** Opening Source material block **

(* Let $G$ be a graph all of whose $\operatorname{IR}(G)$-sets are independent. If the $\operatorname{IR}$-graph $H=G(\operatorname{IR})$ is connected and has at least three vertices, then $H$ contains a triangle or an induced $C_4$.
   Context: All graphs are finite and simple. For $G=(V,E)$, $D\subseteq V$, $v\in D$: $\operatorname{PN}(v,D)=N[v]-N[D-\{v\}]$ (closed neighbourhoods). $D$ is irredundant if $\operatorname{PN}(v,D)\neq\varnothing$ for all $v\in D$; $\operatorname{IR}(G)$ is the maximum size of an irredundant set; an $\operatorname{IR}(G)$-set is an irredundant set of that size. $G(\operatorname{IR})$ has the $\operatorname{IR}(G)$-sets as vertices, with $D\sim D'$ iff there exist $u\in D$, $v\in D'$ with $uv\in E(G)$ and $D'=(D-\{u\})\cup\{v\}$. *)

theory Defs
  imports Main
begin

definition simple_graph :: "'a set \<Rightarrow> ('a \<Rightarrow> 'a \<Rightarrow> bool) \<Rightarrow> bool" where
  "simple_graph V E \<longleftrightarrow> finite V \<and>
     (\<forall>u v. E u v \<longrightarrow> u \<in> V \<and> v \<in> V \<and> u \<noteq> v \<and> E v u)"

definition cnbhd :: "'a set \<Rightarrow> ('a \<Rightarrow> 'a \<Rightarrow> bool) \<Rightarrow> 'a \<Rightarrow> 'a set" where
  "cnbhd V E v = {u \<in> V. u = v \<or> E v u}"

definition cnbhd_set :: "'a set \<Rightarrow> ('a \<Rightarrow> 'a \<Rightarrow> bool) \<Rightarrow> 'a set \<Rightarrow> 'a set" where
  "cnbhd_set V E S = (\<Union>v\<in>S. cnbhd V E v)"

definition PN :: "'a set \<Rightarrow> ('a \<Rightarrow> 'a \<Rightarrow> bool) \<Rightarrow> 'a \<Rightarrow> 'a set \<Rightarrow> 'a set" where
  "PN V E v D = cnbhd V E v - cnbhd_set V E (D - {v})"

definition irredundant :: "'a set \<Rightarrow> ('a \<Rightarrow> 'a \<Rightarrow> bool) \<Rightarrow> 'a set \<Rightarrow> bool" where
  "irredundant V E D \<longleftrightarrow> D \<subseteq> V \<and> (\<forall>v\<in>D. PN V E v D \<noteq> {})"

definition IR :: "'a set \<Rightarrow> ('a \<Rightarrow> 'a \<Rightarrow> bool) \<Rightarrow> nat" where
  "IR V E = Max {card D | D. irredundant V E D}"

definition IR_set :: "'a set \<Rightarrow> ('a \<Rightarrow> 'a \<Rightarrow> bool) \<Rightarrow> 'a set \<Rightarrow> bool" where
  "IR_set V E D \<longleftrightarrow> irredundant V E D \<and> card D = IR V E"

definition IR_adj :: "'a set \<Rightarrow> ('a \<Rightarrow> 'a \<Rightarrow> bool) \<Rightarrow> 'a set \<Rightarrow> 'a set \<Rightarrow> bool" where
  "IR_adj V E D D' \<longleftrightarrow> IR_set V E D \<and> IR_set V E D' \<and>
     (\<exists>u\<in>D. \<exists>v\<in>D'. E u v \<and> D' = (D - {u}) \<union> {v})"

definition independent :: "('a \<Rightarrow> 'a \<Rightarrow> bool) \<Rightarrow> 'a set \<Rightarrow> bool" where
  "independent E D \<longleftrightarrow> (\<forall>u\<in>D. \<forall>v\<in>D. \<not> E u v)"

definition IR_graph_connected :: "'a set \<Rightarrow> ('a \<Rightarrow> 'a \<Rightarrow> bool) \<Rightarrow> bool" where
  "IR_graph_connected V E \<longleftrightarrow>
     (\<forall>D D'. IR_set V E D \<longrightarrow> IR_set V E D' \<longrightarrow> (IR_adj V E)\<^sup>*\<^sup>* D D')"

definition IR_graph_has_triangle :: "'a set \<Rightarrow> ('a \<Rightarrow> 'a \<Rightarrow> bool) \<Rightarrow> bool" where
  "IR_graph_has_triangle V E \<longleftrightarrow>
     (\<exists>A B C. IR_adj V E A B \<and> IR_adj V E B C \<and> IR_adj V E C A)"

definition IR_graph_has_induced_C4 :: "'a set \<Rightarrow> ('a \<Rightarrow> 'a \<Rightarrow> bool) \<Rightarrow> bool" where
  "IR_graph_has_induced_C4 V E \<longleftrightarrow>
     (\<exists>A B C D. distinct [A, B, C, D] \<and>
        IR_adj V E A B \<and> IR_adj V E B C \<and> IR_adj V E C D \<and> IR_adj V E D A \<and>
        \<not> IR_adj V E A C \<and> \<not> IR_adj V E B D)"

end

theory Submission
  imports Defs
begin

(* A connected IR-graph with at least three vertices contains a path D1 ~ D2 ~ D3 with
   D1 \<noteq> D3, say D2 = D1 - {u} + {v} and D3 = D2 - {x} + {y} with uv and xy edges.
   If x = v, then D3 = D1 - {u} + {y}, and uy must be an edge, for otherwise D1 + {y} would be
   an independent, hence irredundant, set larger than IR(G); so D3 ~ D1 closes a triangle.
   If x \<noteq> v, perform the two exchanges in the opposite order: M = D1 - {x} + {y} is
   irredundant (y keeps x as private neighbour, u keeps v, every other vertex is its own),
   hence an IR-set, and D1 D2 D3 M is a 4-cycle; it is induced because D1, D3 differ in the
   two vertices u, x and D2, M in the two vertices v, x. *)

lemma independent_imp_irredundant:
  assumes "D \<subseteq> V" "independent E D"
  shows "irredundant V E D"
  unfolding irredundant_def
proof (intro conjI ballI)
  fix w assume "w \<in> D"
  then have "w \<in> PN V E w D"
    using assms unfolding PN_def cnbhd_def cnbhd_set_def independent_def by auto
  then show "PN V E w D \<noteq> {}" by blast
qed (use assms in simp)

lemma irredundant_card_le_IR:
  assumes "finite V" "irredundant V E D"
  shows "card D \<le> IR V E"
proof -
  have "{card D | D. irredundant V E D} \<subseteq> card ` Pow V"
    unfolding irredundant_def by auto
  then have "finite {card D | D. irredundant V E D}"
    using assms(1) by (meson finite_Pow_iff finite_imageI finite_subset)
  then show ?thesis
    unfolding IR_def using assms(2) by (auto intro: Max_ge)
qed

lemma IR_adj_diff_unique:
  assumes "IR_adj V E A B" "a \<in> A - B" "a' \<in> A - B"
  shows "a = a'"
  using assms unfolding IR_adj_def by auto

lemma symp_connected_path_length_two:
  assumes "symp R" and connected: "\<forall>a\<in>S. \<forall>b\<in>S. R\<^sup>*\<^sup>* a b" and "3 \<le> card S"
  shows "\<exists>a b c. R a b \<and> R b c \<and> a \<noteq> c"
proof (rule ccontr)
  assume no_path: "\<not> ?thesis"
  obtain T where "T \<subseteq> S" "card T = 3"
    using obtain_subset_with_card_n[OF assms(3)] by blast
  then obtain a b c where abc: "a \<in> S" "b \<in> S" "c \<in> S" "a \<noteq> b" "a \<noteq> c" "b \<noteq> c"
    unfolding card_3_iff by auto
  have reach: "d = a \<or> R a d" if "R\<^sup>*\<^sup>* a d" for d
    using that
  proof (induction rule: rtranclp_induct)
    case (step d e)
    then show ?case using no_path by blast
  qed simp
  have "R a b" "R a c"
    using reach connected abc by blast+
  then show False
    using no_path sympD[OF \<open>symp R\<close>] \<open>b \<noteq> c\<close> by blast
qed

locale IR_independent_graph =
  fixes V :: "'a set" and E :: "'a \<Rightarrow> 'a \<Rightarrow> bool"
  assumes simple_graph: "simple_graph V E"
    and IR_set_independent: "IR_set V E D \<Longrightarrow> independent E D"
begin

lemma finite_V: "finite V"
  using simple_graph unfolding simple_graph_def by blast

lemma edge_sym: "E u v \<Longrightarrow> E v u"
  using simple_graph unfolding simple_graph_def by blast

lemma edge_in_V: "E u v \<Longrightarrow> u \<in> V \<and> v \<in> V"
  using simple_graph unfolding simple_graph_def by blast

lemma IR_set_subset: "IR_set V E D \<Longrightarrow> D \<subseteq> V"
  unfolding IR_set_def irredundant_def by blast

lemma IR_set_finite: "IR_set V E D \<Longrightarrow> finite D"
  using IR_set_subset finite_V finite_subset by blast

lemma IR_adjI:
  assumes "IR_set V E D" "IR_set V E D'" "u \<in> D" "E u v" "D' = insert v (D - {u})"
  shows "IR_adj V E D D'"
  using assms unfolding IR_adj_def by auto

lemma IR_adjE:
  assumes "IR_adj V E D D'"
  obtains u v where "IR_set V E D" "IR_set V E D'" "u \<in> D" "v \<notin> D" "E u v"
    "D' = insert v (D - {u})"
proof -
  obtain u v where uv: "u \<in> D" "E u v" "D' = insert v (D - {u})"
    and sets: "IR_set V E D" "IR_set V E D'"
    using assms unfolding IR_adj_def by auto
  moreover have "v \<notin> D"
    using IR_set_independent[OF sets(1)] uv unfolding independent_def by blast
  ultimately show thesis using that by blast
qed

lemma IR_adj_sym:
  assumes "IR_adj V E A B"
  shows "IR_adj V E B A"
proof -
  obtain u v where sets: "IR_set V E A" "IR_set V E B" and uv: "u \<in> A" "v \<notin> A" "E u v"
    and B: "B = insert v (A - {u})"
    using assms by (rule IR_adjE)
  have "A = insert u (B - {v})"
    using B uv by auto
  then show ?thesis
    using sets B edge_sym[OF \<open>E u v\<close>] by (intro IR_adjI[of B A v u]) auto
qed

lemma IR_set_insert_dependent:
  assumes "IR_set V E D" "y \<in> V - D"
  shows "\<not> independent E (insert y D)"
proof
  assume "independent E (insert y D)"
  then have "card (insert y D) \<le> IR V E"
    using assms IR_set_subset finite_V
    by (intro irredundant_card_le_IR independent_imp_irredundant) auto
  then show False
    using assms IR_set_finite unfolding IR_set_def by simp
qed

lemma IR_set_exchange_edge:
  assumes "IR_set V E D" "IR_set V E D'" "u \<in> D" "y \<notin> D" "D' = insert y (D - {u})"
  shows "E u y"
proof (rule ccontr)
  assume "\<not> E u y"
  moreover have "\<not> E y u"
    using calculation edge_sym by blast
  ultimately have "independent E (insert y D)"
    using assms IR_set_independent[OF assms(1)] IR_set_independent[OF assms(2)]
    unfolding independent_def by blast
  moreover have "y \<in> V"
    using assms IR_set_subset by blast
  ultimately show False
    using IR_set_insert_dependent assms by blast
qed

lemma irredundant_reordered_exchange:
  assumes "D \<subseteq> V" "independent E D" "independent E D'"
    and "u \<in> D" "x \<in> D" "u \<noteq> x" "E u v" "E x y" "v \<noteq> y"
    and "D' = insert v (insert y (D - {u, x}))"
  shows "irredundant V E (insert y (D - {x}))" (is "irredundant V E ?M")
  unfolding irredundant_def
proof (intro conjI ballI)
  show "?M \<subseteq> V"
    using assms edge_in_V by blast
  have "v \<notin> D" "y \<notin> D" "y \<noteq> u"
    using assms unfolding independent_def by blast+
  fix w assume "w \<in> ?M"
  then consider "w = y" | "w = u" | "w \<in> D - {u, x}" "w \<noteq> y"
    by blast
  then show "PN V E w ?M \<noteq> {}"
  proof cases
    case 1
    have "x \<in> PN V E w ?M"
      using 1 assms edge_sym[OF \<open>E x y\<close>]
      unfolding PN_def cnbhd_def cnbhd_set_def independent_def by auto
    then show ?thesis by blast
  next
    case 2
    have "v \<in> PN V E w ?M"
      using 2 assms \<open>v \<notin> D\<close> \<open>y \<noteq> u\<close> edge_in_V[OF \<open>E u v\<close>]
      unfolding PN_def cnbhd_def cnbhd_set_def independent_def by auto
    then show ?thesis by blast
  next
    case 3
    have "w \<in> PN V E w ?M"
      using 3 assms
      unfolding PN_def cnbhd_def cnbhd_set_def independent_def by auto
    then show ?thesis by blast
  qed
qed

lemma induced_C4_of_exchanges:
  assumes sets: "IR_set V E D1" "IR_set V E D2" "IR_set V E D3"
    and "u \<in> D1" "x \<in> D1" "u \<noteq> x" "v \<notin> D1" "y \<notin> D1" "v \<noteq> y" "E u v" "E x y"
    and "D2 = insert v (D1 - {u})" "D3 = insert v (insert y (D1 - {u, x}))"
  shows "IR_graph_has_induced_C4 V E"
proof -
  define M where "M = insert y (D1 - {x})"
  have "irredundant V E M"
    unfolding M_def using assms IR_set_subset IR_set_independent
    by (intro irredundant_reordered_exchange[where D' = D3 and u = u and v = v]) auto
  moreover have "card M = card D1"
    unfolding M_def using assms IR_set_finite[OF sets(1)]
    by (simp add: card_Suc_Diff1 del: card_Diff_insert)
  ultimately have M: "IR_set V E M"
    using sets(1) unfolding IR_set_def by simp
  have "IR_adj V E D1 D2"
    using assms by (intro IR_adjI) auto
  moreover have "IR_adj V E D2 D3"
    using assms by (intro IR_adjI[where u = x and v = y]) auto
  moreover have "IR_adj V E D3 M"
    using assms M edge_sym[OF \<open>E u v\<close>] unfolding M_def
    by (intro IR_adjI[where u = v and v = u]) auto
  moreover have "IR_adj V E M D1"
    using assms M edge_sym[OF \<open>E x y\<close>] unfolding M_def
    by (intro IR_adjI[where u = y and v = x]) auto
  moreover have "\<not> IR_adj V E D1 D3"
    using IR_adj_diff_unique[of V E D1 D3 u x] assms by auto
  moreover have "\<not> IR_adj V E D2 M"
    using IR_adj_diff_unique[of V E D2 M v x] assms unfolding M_def by auto
  moreover have "distinct [D1, D2, D3, M]"
    using assms unfolding M_def by auto
  ultimately show ?thesis
    unfolding IR_graph_has_induced_C4_def by blast
qed

lemma IR_path_triangle_or_induced_C4:
  assumes "IR_adj V E D1 D2" "IR_adj V E D2 D3" "D1 \<noteq> D3"
  shows "IR_graph_has_triangle V E \<or> IR_graph_has_induced_C4 V E"
proof -
  obtain u v where sets: "IR_set V E D1" "IR_set V E D2" and uv: "u \<in> D1" "v \<notin> D1" "E u v"
    and D2: "D2 = insert v (D1 - {u})"
    using assms(1) by (rule IR_adjE)
  obtain x y where D3_set: "IR_set V E D3" and xy: "x \<in> D2" "y \<notin> D2" "E x y"
    and D3: "D3 = insert y (D2 - {x})"
    using assms(2) by (rule IR_adjE)
  show ?thesis
  proof (cases "x = v")
    case True
    then have D3_D1: "D3 = insert y (D1 - {u})"
      using D2 D3 uv by auto
    moreover have "y \<notin> D1"
      using D3_D1 D2 xy uv assms(3) by auto
    ultimately have "E u y"
      using sets D3_set uv by (intro IR_set_exchange_edge)
    moreover have "D1 = insert u (D3 - {y})"
      using D3_D1 uv \<open>y \<notin> D1\<close> by auto
    ultimately have "IR_adj V E D3 D1"
      using sets D3_set D3_D1 edge_sym[OF \<open>E u y\<close>] by (intro IR_adjI[where u = y and v = u]) auto
    then show ?thesis
      using assms unfolding IR_graph_has_triangle_def by blast
  next
    case False
    have D3_D1: "D3 = insert v (insert y (D1 - {u, x}))"
      using D2 D3 False by auto
    have "y \<noteq> u"
      using IR_set_independent[OF D3_set] D3_D1 uv unfolding independent_def by auto
    then show ?thesis
      using D2 D3_D1 uv xy False sets D3_set
      by (intro disjI2 induced_C4_of_exchanges[where u = u and v = v and x = x and y = y]) auto
  qed
qed

end

theorem lemma4p5:
  fixes V :: "'a set" and E :: "'a \<Rightarrow> 'a \<Rightarrow> bool"
  assumes "simple_graph V E"
    and "\<forall>D. IR_set V E D \<longrightarrow> independent E D"
    and "IR_graph_connected V E"
    and "card {D. IR_set V E D} \<ge> 3"
  shows "IR_graph_has_triangle V E \<or> IR_graph_has_induced_C4 V E"
proof -
  interpret IR_independent_graph V E
    using assms(1,2) by unfold_locales auto
  have "symp (IR_adj V E)"
    using IR_adj_sym by (intro sympI)
  moreover have "\<forall>A\<in>{D. IR_set V E D}. \<forall>B\<in>{D. IR_set V E D}. (IR_adj V E)\<^sup>*\<^sup>* A B"
    using assms(3) unfolding IR_graph_connected_def by blast
  ultimately obtain D1 D2 D3 where "IR_adj V E D1 D2" "IR_adj V E D2 D3" "D1 \<noteq> D3"
    using symp_connected_path_length_two assms(4) by blast
  then show ?thesis
    by (rule IR_path_triangle_or_induced_C4)
qed

end
lemma slice_fun_C0:
  fixes D :: "'g::group_add \<Rightarrow> 'a::t2_space set"
  assumes pa: "partial_action D al" and cpt: "\<forall>t. compact (D t)" and f: "f \<in> Cr D al"
  shows "C0 (slice_fun D s f)"
  unfolding C0_def
proof (intro conjI allI impI)
  have "continuous_on (D (- s) \<union> - D (- s)) (\<lambda>y. if y \<in> D (- s) then f (y, s) else 0)"
    using cpt partial_action_open[OF pa] Cr_continuous_on_slice[OF pa f, of s]
    by (intro continuous_on_cases) (auto simp: compact_imp_closed)
  then show "continuous_on UNIV (slice_fun D s f)" by (simp add: slice_fun_def)
  fix e :: real assume "e > 0"
  moreover have "compact (UNIV :: 'a set)" using cpt partial_action_dom_zero[OF pa] by metis
  ultimately show "\<exists>K. compact K \<and> (\<forall>x. x \<notin> K \<longrightarrow> cmod (slice_fun D s f x) < e)" by blast
qed

section \<open>The symbol \<open>\<phi>\<^sub>T\<close>\<close>

lemma Ainner_eq_infsum:
  assumes pa: "partial_action D al"
  shows "Ainner D al g f x = infsum (\<lambda>\<eta>. cnj (g \<eta>) * f \<eta>) (fibre D x)"
  unfolding Ainner_def Econd_def conv_def
proof (simp, rule infsum_cong)
  fix \<eta> assume "\<eta> \<in> fibre D x"
  then obtain s where \<eta>: "\<eta> = (x, s)" and xs: "x \<in> D (- s)" by (auto simp: fibre_def)
  show "star al g (gmul (x, 0) (ginv al \<eta>)) * f \<eta> = cnj (g \<eta>) * f \<eta>"
    unfolding \<eta> using partial_action_inverse[OF pa xs] by (simp add: star_def gmul_def ginv_def)
qed

lemma infsum_fibre_single:
  assumes "x \<in> D (- t)" "\<And>\<eta>. \<eta> \<in> fibre D x \<Longrightarrow> \<eta> \<noteq> (x, t) \<Longrightarrow> f \<eta> = 0"
  shows "infsum f (fibre D x) = f (x, t)"
proof -
  have "infsum f (fibre D x) = infsum f {(x, t)}"
    using assms by (intro infsum_cong_neutral) (auto simp: fibre_def)
  then show ?thesis by simp
qed

lemma Ainner_chi_left:
  assumes pa: "partial_action D al" and x: "x \<in> D (- t)"
  shows "Ainner D al (chi D t) f x = f (x, t)"
proof -
  have "Ainner D al (chi D t) f x = cnj (chi D t (x, t)) * f (x, t)"
    unfolding Ainner_eq_infsum[OF pa]
    by (rule infsum_fibre_single[where D = D and t = t, OF x]) (auto simp: chi_def fibre_def split: if_splits)
  then show ?thesis using x by (simp add: chi_def)
qed

lemma Ainner_chi_right:
  assumes pa: "partial_action D al" and x: "x \<in> D (- t)"
  shows "Ainner D al g (chi D t) x = cnj (g (x, t))"
proof -
  have "Ainner D al g (chi D t) x = cnj (g (x, t)) * chi D t (x, t)"
    unfolding Ainner_eq_infsum[OF pa]
    by (rule infsum_fibre_single[where D = D and t = t, OF x]) (auto simp: chi_def fibre_def split: if_splits)
  then show ?thesis using x by (simp add: chi_def)
qed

** Closing Source material block **

Restate word for word the lines of the data above, starting at the line containing "using IR_adj_diff_unique[of V E D2" and ending at the line containing "using D2 D3 False by auto", both included, and nothing more.

■ Task result ■
    using IR_adj_diff_unique[of V E D2 M v x] assms unfolding M_def by auto
  moreover have "distinct [D1, D2, D3, M]"
    using assms unfolding M_def by auto
  ultimately show ?thesis
    unfolding IR_graph_has_induced_C4_def by blast
qed

lemma IR_path_triangle_or_induced_C4:
  assumes "IR_adj V E D1 D2" "IR_adj V E D2 D3" "D1 \<noteq> D3"
  shows "IR_graph_has_triangle V E \<or> IR_graph_has_induced_C4 V E"
proof -
  obtain u v where sets: "IR_set V E D1" "IR_set V E D2" and uv: "u \<in> D1" "v \<notin> D1" "E u v"
    and D2: "D2 = insert v (D1 - {u})"
    using assms(1) by (rule IR_adjE)
  obtain x y where D3_set: "IR_set V E D3" and xy: "x \<in> D2" "y \<notin> D2" "E x y"
    and D3: "D3 = insert y (D2 - {x})"
    using assms(2) by (rule IR_adjE)
  show ?thesis
  proof (cases "x = v")
    case True
    then have D3_D1: "D3 = insert y (D1 - {u})"
      using D2 D3 uv by auto
    moreover have "y \<notin> D1"
      using D3_D1 D2 xy uv assms(3) by auto
    ultimately have "E u y"
      using sets D3_set uv by (intro IR_set_exchange_edge)
    moreover have "D1 = insert u (D3 - {y})"
      using D3_D1 uv \<open>y \<notin> D1\<close> by auto
    ultimately have "IR_adj V E D3 D1"
      using sets D3_set D3_D1 edge_sym[OF \<open>E u y\<close>] by (intro IR_adjI[where u = y and v = u]) auto
    then show ?thesis
      using assms unfolding IR_graph_has_triangle_def by blast
  next
    case False
    have D3_D1: "D3 = insert v (insert y (D1 - {u, x}))"
      using D2 D3 False by auto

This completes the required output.